══ Input data
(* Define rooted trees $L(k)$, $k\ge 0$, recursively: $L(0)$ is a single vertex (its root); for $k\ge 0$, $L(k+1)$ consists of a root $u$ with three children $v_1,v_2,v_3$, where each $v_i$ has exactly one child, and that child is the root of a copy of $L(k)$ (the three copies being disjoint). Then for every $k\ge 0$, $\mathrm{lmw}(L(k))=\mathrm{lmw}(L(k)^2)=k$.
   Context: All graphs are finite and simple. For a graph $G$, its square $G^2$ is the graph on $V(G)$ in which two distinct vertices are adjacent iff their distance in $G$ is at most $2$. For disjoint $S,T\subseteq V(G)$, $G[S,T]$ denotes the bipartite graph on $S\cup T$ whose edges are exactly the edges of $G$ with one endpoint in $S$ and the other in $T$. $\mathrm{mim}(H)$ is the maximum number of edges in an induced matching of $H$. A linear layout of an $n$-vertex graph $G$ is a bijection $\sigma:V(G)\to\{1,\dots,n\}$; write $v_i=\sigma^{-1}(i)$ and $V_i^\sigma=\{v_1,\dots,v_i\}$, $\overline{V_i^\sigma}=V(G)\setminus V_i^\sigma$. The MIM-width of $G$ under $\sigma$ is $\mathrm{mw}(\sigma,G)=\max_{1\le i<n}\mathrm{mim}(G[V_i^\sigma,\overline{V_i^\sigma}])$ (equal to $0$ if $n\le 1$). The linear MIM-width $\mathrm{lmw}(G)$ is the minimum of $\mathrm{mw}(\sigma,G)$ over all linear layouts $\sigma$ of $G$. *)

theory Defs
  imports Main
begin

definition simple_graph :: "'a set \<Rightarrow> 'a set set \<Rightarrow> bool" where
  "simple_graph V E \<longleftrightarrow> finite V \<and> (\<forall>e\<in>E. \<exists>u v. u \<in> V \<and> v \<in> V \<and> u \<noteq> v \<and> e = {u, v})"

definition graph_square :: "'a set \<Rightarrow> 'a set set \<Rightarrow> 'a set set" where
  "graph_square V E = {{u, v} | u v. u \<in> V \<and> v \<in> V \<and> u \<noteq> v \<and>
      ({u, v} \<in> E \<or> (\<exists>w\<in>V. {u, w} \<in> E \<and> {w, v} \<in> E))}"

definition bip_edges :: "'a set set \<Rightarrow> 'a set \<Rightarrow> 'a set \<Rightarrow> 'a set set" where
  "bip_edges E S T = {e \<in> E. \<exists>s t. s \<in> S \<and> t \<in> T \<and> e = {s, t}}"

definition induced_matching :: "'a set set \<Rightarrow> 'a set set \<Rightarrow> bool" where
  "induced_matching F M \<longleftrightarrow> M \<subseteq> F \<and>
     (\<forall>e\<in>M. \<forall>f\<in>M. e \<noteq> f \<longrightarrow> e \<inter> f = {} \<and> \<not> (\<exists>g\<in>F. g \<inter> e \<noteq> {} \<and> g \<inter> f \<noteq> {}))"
════
This task asks for the number of lines above that include the string "definition". Respond with that number only.

*Completed exercise:* 4